lemma eval_point_cong: "t \<le> T \<Longrightarrow> agree_before T \<omega> \<omega>' \<Longrightarrow> eval_point t \<omega> = eval_point t \<omega>'"
  using eval_point_stoch_grad_cong_server(1)[OF server_cong_at] by blast

lemma stoch_grad_cong: "t < T \<Longrightarrow> agree_before T \<omega> \<omega>' \<Longrightarrow> stoch_grad t \<omega> = stoch_grad t \<omega>'"
  using eval_point_stoch_grad_cong_server(2)[OF server_cong_at] by (meson less_imp_le)

lemma iterate_cong: "t \<le> T \<Longrightarrow> agree_before T \<omega> \<omega>' \<Longrightarrow> iterate t \<omega> = iterate t \<omega>'"
proof -
  assume "t \<le> T" "agree_before T \<omega> \<omega>'"
  moreover have "t div B * B + r < T" if "r < t mod B" for r
    using that \<open>t \<le> T\<close> div_mult_mod_eq[of t B] by linarith
  ultimately have "(\<Sum>r < t mod B. stoch_grad (t div B * B + r) \<omega>)
      = (\<Sum>r < t mod B. stoch_grad (t div B * B + r) \<omega>')"
    by (intro sum.cong refl stoch_grad_cong) auto
  with \<open>t \<le> T\<close> \<open>agree_before T \<omega> \<omega>'\<close> show ?thesis
    by (simp add: iterate_eq_sum server_cong_at)
qed

lemma worker_iter_measurable:
  "(\<lambda>\<omega>. server k \<omega>) \<in> borel_measurable \<Omega> \<Longrightarrow> (\<lambda>\<omega>. worker_iter k i \<omega> j) \<in> borel_measurable \<Omega>"
proof (induction j)
  case (Suc j)
  then have "(\<lambda>\<omega>. g (worker_iter k i \<omega> j) (\<omega> (k, i, j))) \<in> borel_measurable \<Omega>"
    by (intro measurable_g_comp) simp_all
  with Suc show ?case
    by (simp add: worker_iter_Suc)
qed (simp add: worker_iter_0)

lemma eval_point_stoch_grad_measurable_server:
  assumes "(\<lambda>\<omega>. server (t div B) \<omega>) \<in> borel_measurable \<Omega>"
  shows "(\<lambda>\<omega>. eval_point t \<omega>) \<in> borel_measurable \<Omega>" "(\<lambda>\<omega>. stoch_grad t \<omega>) \<in> borel_measurable \<Omega>"
proof -
  show eval: "(\<lambda>\<omega>. eval_point t \<omega>) \<in> borel_measurable \<Omega>"
    unfolding eval_point_def using assms by (rule worker_iter_measurable)
  show "(\<lambda>\<omega>. stoch_grad t \<omega>) \<in> borel_measurable \<Omega>"
    unfolding stoch_grad_def using eval by (rule measurable_g_comp) simp
qed
(* For every $\tau\in\Gamma_S^\infty$, every integer $R\ge1$ and every $x\in(0,1]$, $$P_\tau(x)\;\ge\;1-\frac1R-x\,|\bar{\mathcal B}_R|.$$
   Context: $\Gamma$ is the set of planar rooted, locally finite trees whose root $r$ has degree one; $\Gamma_S^\infty\subset\Gamma$ is the set of infinite trees with exactly one infinite non-backtracking path from $r$ (the spine), with spine vertices $s_1,s_2,\dots$ ordered away from $r$ (set $s_0=r$). $|G|$ is the number of edges of a graph $G$. For $i\ge1$, $\mathcal A^i$ is the component containing $s_i$ after deleting the spine edges $\{s_{i-1},s_i\},\{s_i,s_{i+1}\}$; the hull $\bar{\mathcal B}_R$ is the union of the spine path from $r$ to $s_R$ and $\mathcal A^1,\dots,\mathcal A^R$, so $|\bar{\mathcal B}_R|=R+\sum_{i=1}^R|\mathcal A^i|$. For simple random walk $\omega$ on $\tau$ started at $r$, $P_\tau(x)=\sum_{t\ge1}\mathbb P(\omega(t)=r,\ \omega(t')\ne r\text{ for }0<t'<t\mid \omega(0)=r)(1-x)^{t/2}$ is the generating function of first-return probabilities to the root. *)

theory Defs
  imports Complex_Main
begin

text \<open>Planarity (a choice of cyclic order of children)
  plays no role in the statement and is not represented.\<close>

definition no_cycles :: "('a \<Rightarrow> 'a \<Rightarrow> bool) \<Rightarrow> bool" where
  "no_cycles E \<longleftrightarrow>
     \<not> (\<exists>cs. length cs \<ge> 3 \<and> distinct cs \<and>
            (\<forall>i. Suc i < length cs \<longrightarrow> E (cs ! i) (cs ! Suc i)) \<and>
            E (last cs) (hd cs))"
(* Let $\Gamma$ be a finite undirected graph in which any two adjacent vertices have exactly one common neighbor. Then $G_{aut}^+(\Gamma)=G_{aut}^*(\Gamma)$. In particular, $G_{aut}^+(\Gamma)=G_{aut}^*(\Gamma)$ for every distance-regular graph $\Gamma$ whose intersection array satisfies $b_0=b_1+2$.
   Context: $\Gamma=(V,E)$ is a finite simple undirected graph, $V=\{1,\dots,n\}$. $C(G_{aut}^+(\Gamma))$ is the universal unital $C^*$-algebra generated by $u_{ij}$, $1\le i,j\le n$, with relations: (R1) $u_{ij}=u_{ij}^*=u_{ij}^2$; (R2) $\sum_{l} u_{il}=1=\sum_{l} u_{li}$ for all $i$; (R3) $u_{ij}u_{kl}=u_{kl}u_{ij}=0$ whenever exactly one of $(i,k)\in E$, $(j,l)\in E$ holds. "$G_{aut}^+(\Gamma)=G_{aut}^*(\Gamma)$" means that $u_{ij}u_{kl}=u_{kl}u_{ij}$ holds in $C(G_{aut}^+(\Gamma))$ for all $(i,k)\in E$, $(j,l)\in E$. A connected regular graph is distance-regular with diameter $D$ and intersection array $\{b_0,\dots,b_{D-1};c_1,\dots,c_D\}$ if for any vertices $v,w$ with $d(v,w)=i$, exactly $b_i$ neighbors of $w$ are at distance $i+1$ from $v$ and exactly $c_i$ neighbors of $w$ are at distance $i-1$ from $v$ (these numbers depending only on $i$). *)

theory Defs
  imports "HOL-Analysis.Analysis"
begin

text \<open>A unital C*-algebra: a real Banach algebra with unit (norm 1 = 1, submultiplicative
norm, completeness) whose real scalar multiplication extends to a complex one
(sc), equipped with an involution st satisfying the C*-identity.\<close>

definition unital_cstar_algebra ::
  "('a::{real_normed_algebra_1,banach} \<Rightarrow> 'a) \<Rightarrow> (complex \<Rightarrow> 'a \<Rightarrow> 'a) \<Rightarrow> bool" where
  "unital_cstar_algebra st sc \<longleftrightarrow>
     (\<forall>r x. sc (complex_of_real r) x = scaleR r x) \<and>
     (\<forall>a b x. sc (a + b) x = sc a x + sc b x) \<and>
     (\<forall>a x y. sc a (x + y) = sc a x + sc a y) \<and>
     (\<forall>a b x. sc a (sc b x) = sc (a * b) x) \<and>
     (\<forall>x. sc 1 x = x) \<and>
     (\<forall>a x y. sc a (x * y) = sc a x * y \<and> sc a (x * y) = x * sc a y) \<and>
     (\<forall>a x. norm (sc a x) = cmod a * norm x) \<and>
     (\<forall>x. st (st x) = x) \<and>
     (\<forall>x y. st (x + y) = st x + st y) \<and>
     (\<forall>a x. st (sc a x) = sc (cnj a) (st x)) \<and>
     (\<forall>x y. st (x * y) = st y * st x) \<and>
     (\<forall>x. norm (st x * x) = (norm x)\<^sup>2)"
(* For every $\alpha>0$, $$\psi(\alpha)\;<\;\psi(2\alpha)-\ln 2\;<\;c_2(\alpha)\;<\;\psi(2\alpha),$$ where $c_2(\alpha)=2\int_0^\infty \ln(z)\,G_\alpha(z)\,g_\alpha(z)\,dz$.
   Context: $\psi=\Gamma'/\Gamma$ denotes the digamma function. For $\alpha>0$, $G_\alpha$ and $g_\alpha$ denote the distribution function and the density of the gamma distribution with shape $\alpha$ and scale $1$, i.e. $g_\alpha(z)=z^{\alpha-1}e^{-z}/\Gamma(\alpha)$, $z>0$. *)

theory Defs
  imports "HOL-Analysis.Analysis"
begin

definition gamma_dens :: "real \<Rightarrow> real \<Rightarrow> real" where
  "gamma_dens \<alpha> z = (if z > 0 then z powr (\<alpha> - 1) * exp (- z) / Gamma \<alpha> else 0)"

definition gamma_cdf :: "real \<Rightarrow> real \<Rightarrow> real" where
  "gamma_cdf \<alpha> z = (LINT t:{..z}|lborel. gamma_dens \<alpha> t)"

definition c2 :: "real \<Rightarrow> real" where
  "c2 \<alpha> = 2 * (LINT z:{0<..}|lborel. ln z * gamma_cdf \<alpha> z * gamma_dens \<alpha> z)"

end

theory Submission
  imports Defs
begin

text \<open>
  Differentiating the logarithm of Legendre's duplication formula gives
  \<open>\<psi>(\<alpha>) + \<psi>(\<alpha> + 1/2) = 2 \<psi>(2\<alpha>) - 2 ln 2\<close>, so the first inequality is the strict
  monotonicity of \<open>\<psi>\<close>.

  For the others let \<open>X, Y\<close> be independent with density \<open>g\<^sub>\<alpha>\<close>. By Fubini and symmetry,
  \<open>c\<^sub>2(\<alpha>) = E ln (max X Y)\<close>. Differentiating \<open>\<Gamma>(\<gamma>) = \<integral> t^(\<gamma>-1) e^(-t) dt\<close> in \<open>\<gamma>\<close> shows
  \<open>E ln Z = \<psi>(\<gamma>)\<close> for \<open>Z\<close> with density \<open>g\<^sub>\<gamma>\<close>, and \<open>X + Y\<close> has density \<open>g\<^sub>2\<^sub>\<alpha>\<close> (a Beta integral),
  so \<open>E ln (X + Y) = \<psi>(2\<alpha>)\<close>. Now integrate \<open>max X Y < X + Y \<le> 2 max X Y\<close>; both inequalities
  are strict on a set of positive measure.
\<close>

lemma Gamma_legendre_duplication_real:
  fixes x :: real
  assumes "x > 0"
  shows "Gamma x * Gamma (x + 1/2) = exp ((1 - 2*x) * ln 2) * sqrt pi * Gamma (2*x)"
proof -
  have "complex_of_real x \<notin> \<int>\<^sub>\<le>\<^sub>0" "complex_of_real x + 1/2 \<notin> \<int>\<^sub>\<le>\<^sub>0"
    using assms nonpos_Ints_subset_nonpos_Reals by (auto simp: complex_nonpos_Reals_iff)
  from Gamma_legendre_duplication[OF this]
  have "complex_of_real (Gamma x * Gamma (x + 1/2)) =
        complex_of_real (exp ((1 - 2*x) * ln 2) * sqrt pi * Gamma (2*x))"
    by (simp add: Gamma_complex_of_real[symmetric] exp_of_real[symmetric])
  thus ?thesis by (simp only: of_real_eq_iff)
qed
(* Let $q$ be a prime power, $n\ge 3$, and let $\Phi_1$ be the set of lines of $\mathrm{AG}(n,q)$. Let $V_0,V_1,V_2,V_3$ be the common eigenspaces of the association scheme on $\Phi_1$ described in the context. Then the characteristic vectors of the point-pencils of $\mathrm{AG}(n,q)$ form a basis of $V_0\perp V_1$.
   Context: $\mathrm{AG}(n,q)$ is $\mathrm{PG}(n,q)$ with a hyperplane $\pi_\infty$ removed; affine lines are projective lines not contained in $\pi_\infty$. Define relations on $\Phi_1$: $(\ell,\ell')\in R_0$ if $\ell=\ell'$; $\in R_1$ if they meet in an affine point; $\in R_2$ if they are distinct and meet in a point of $\pi_\infty$; $\in R_3$ if they are disjoint in $\mathrm{PG}(n,q)$. Let $B_1,B_2,B_3$ be the corresponding adjacency matrices (real $|\Phi_1|\times|\Phi_1|$). These commute and $\mathbb{R}^{\Phi_1}$ is the orthogonal direct sum of four common eigenspaces $V_0,V_1,V_2,V_3$, on which $(B_1,B_2,B_3)$ act as the scalars: on $V_0$ (spanned by the all-ones vector) $\left(\frac{q^{n+1}-q^2}{q-1},\,q^{n-1}-1,\,\frac{q^2-(q+1)q^n+q^{2n-1}}{q-1}\right)$; on $V_1$ $\left(\frac{q^n-q^2}{q-1},\,-1,\,\frac{q^2-q^n}{q-1}\right)$; on $V_2$ $(-q,-1,q)$; on $V_3$ $(-q,\,q^{n-1}-1,\,q-q^{n-1})$. A point-pencil is the set of all affine lines through a fixed affine point. *)

theory Defs
  imports "HOL-Analysis.Analysis"
begin

text \<open>AG(n,q): points are vectors in k^n over a finite field k with q = CARD(k),
  n = CARD('n). Affine lines are the sets p + k v with v nonzero.\<close>

definition affine_lines :: "(('k::field)^'n) set set" where
  "affine_lines = {{p + t *s v | t. True} | p v. v \<noteq> 0}"

text \<open>Direction (difference set) of a line; two affine lines meet in the same
  point at infinity iff their directions coincide.\<close>
definition line_dir :: "(('k::field)^'n) set \<Rightarrow> ('k^'n) set" where
  "line_dir l = {x - y | x y. x \<in> l \<and> y \<in> l}"

definition rel1 :: "(('k::field)^'n) set \<Rightarrow> ('k^'n) set \<Rightarrow> bool" where
  "rel1 l l' \<longleftrightarrow> l \<noteq> l' \<and> l \<inter> l' \<noteq> {}"

definition rel2 :: "(('k::field)^'n) set \<Rightarrow> ('k^'n) set \<Rightarrow> bool" where
  "rel2 l l' \<longleftrightarrow> l \<noteq> l' \<and> line_dir l = line_dir l'"

definition rel3 :: "(('k::field)^'n) set \<Rightarrow> ('k^'n) set \<Rightarrow> bool" where
  "rel3 l l' \<longleftrightarrow> l \<inter> l' = {} \<and> line_dir l \<noteq> line_dir l'"

text \<open>Vectors of R^Phi1 are represented as real functions on sets of points
  vanishing outside the set of affine lines.\<close>
definition line_space :: "((('k::field)^'n) set \<Rightarrow> real) set" where
  "line_space = {f. \<forall>l. l \<notin> (affine_lines :: ('k^'n) set set) \<longrightarrow> f l = 0}"

definition adj_op ::
  "((('k::field)^'n) set \<Rightarrow> ('k^'n) set \<Rightarrow> bool) \<Rightarrow> (('k^'n) set \<Rightarrow> real) \<Rightarrow> ('k^'n) set \<Rightarrow> real" where
  "adj_op R f l = (if l \<in> affine_lines then (\<Sum>l'\<in>{l'\<in>affine_lines. R l l'}. f l') else 0)"

definition common_eigenspace :: "real \<Rightarrow> real \<Rightarrow> real \<Rightarrow> ((('k::field)^'n) set \<Rightarrow> real) set" where
  "common_eigenspace a b c = {f \<in> line_space.
      adj_op rel1 f = (\<lambda>l. a * f l) \<and> adj_op rel2 f = (\<lambda>l. b * f l) \<and> adj_op rel3 f = (\<lambda>l. c * f l)}"

definition V0 :: "((('k::{field,finite})^'n) set \<Rightarrow> real) set" where
  "V0 = (let q = real CARD('k); n = CARD('n) in
     common_eigenspace ((q^(n+1) - q^2)/(q-1)) (q^(n-1) - 1)
        ((q^2 - (q+1)*q^n + q^(2*n-1))/(q-1)))"

definition V1 :: "((('k::{field,finite})^'n) set \<Rightarrow> real) set" where
  "V1 = (let q = real CARD('k); n = CARD('n) in
     common_eigenspace ((q^n - q^2)/(q-1)) (-1) ((q^2 - q^n)/(q-1)))"

definition V2 :: "((('k::{field,finite})^'n) set \<Rightarrow> real) set" where
  "V2 = (let q = real CARD('k) in common_eigenspace (-q) (-1) q)"

definition V3 :: "((('k::{field,finite})^'n) set \<Rightarrow> real) set" where
  "V3 = (let q = real CARD('k); n = CARD('n) in
     common_eigenspace (-q) (q^(n-1) - 1) (q - q^(n-1)))"

definition pencil_vec :: "('k::field)^'n \<Rightarrow> ('k^'n) set \<Rightarrow> real" where
  "pencil_vec p l = (if l \<in> affine_lines \<and> p \<in> l then 1 else 0)"

end

theory Submission
  imports Defs
begin

text \<open>Write \<open>N c = (\<Sum>p. c p * pencil_vec p)\<close>, so that \<open>N c l\<close> is the sum of \<open>c\<close> over the
  points of \<open>l\<close>, and let \<open>N\<^sup>T f p\<close> be the sum of \<open>f\<close> over the lines through \<open>p\<close>. Two points
  lie on exactly one line and each point lies on \<open>r = (q\<^sup>n - 1) / (q - 1)\<close> lines, so
  \<open>N\<^sup>T N = (r - 1) I + J\<close>, which is nonsingular for \<open>n \<ge> 2\<close>: the pencil vectors are
  independent. Counting, for a line \<open>l\<close> and a point \<open>x\<close>, the lines through \<open>x\<close> in each relation
  with \<open>l\<close> expresses \<open>B\<^sub>i N c\<close> through the sums of \<open>c\<close> over \<open>l\<close> and over all points; hence \<open>N\<close>
  maps constants into \<open>V\<^sub>0\<close> and functions of total weight zero into \<open>V\<^sub>1\<close>. Conversely
  \<open>N N\<^sup>T = q I + B\<^sub>1\<close>, and \<open>B\<^sub>1\<close> acts on \<open>V\<^sub>0\<close> and \<open>V\<^sub>1\<close> by \<open>q (r - 1)\<close> and \<open>r - q - 1\<close>,
  so \<open>N N\<^sup>T\<close> is invertible on \<open>V\<^sub>0 \<oplus> V\<^sub>1\<close>, which therefore lies in the range of \<open>N\<close>.\<close>

section \<open>Affine lines\<close>

definition affine_line :: "('k::field)^'n \<Rightarrow> 'k^'n \<Rightarrow> ('k^'n) set" where
  "affine_line p v = {p + t *s v | t. True}"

──────

**DESCRIPTION OF THE TASK**.
If a line in the material above contains the word "sets", copy it.

**SOLUTION TO THE PROBLEM**.
  n = CARD('n). Affine lines are the sets p + k v with v nonzero.\<close>
text \<open>Vectors of R^Phi1 are represented as real functions on sets of points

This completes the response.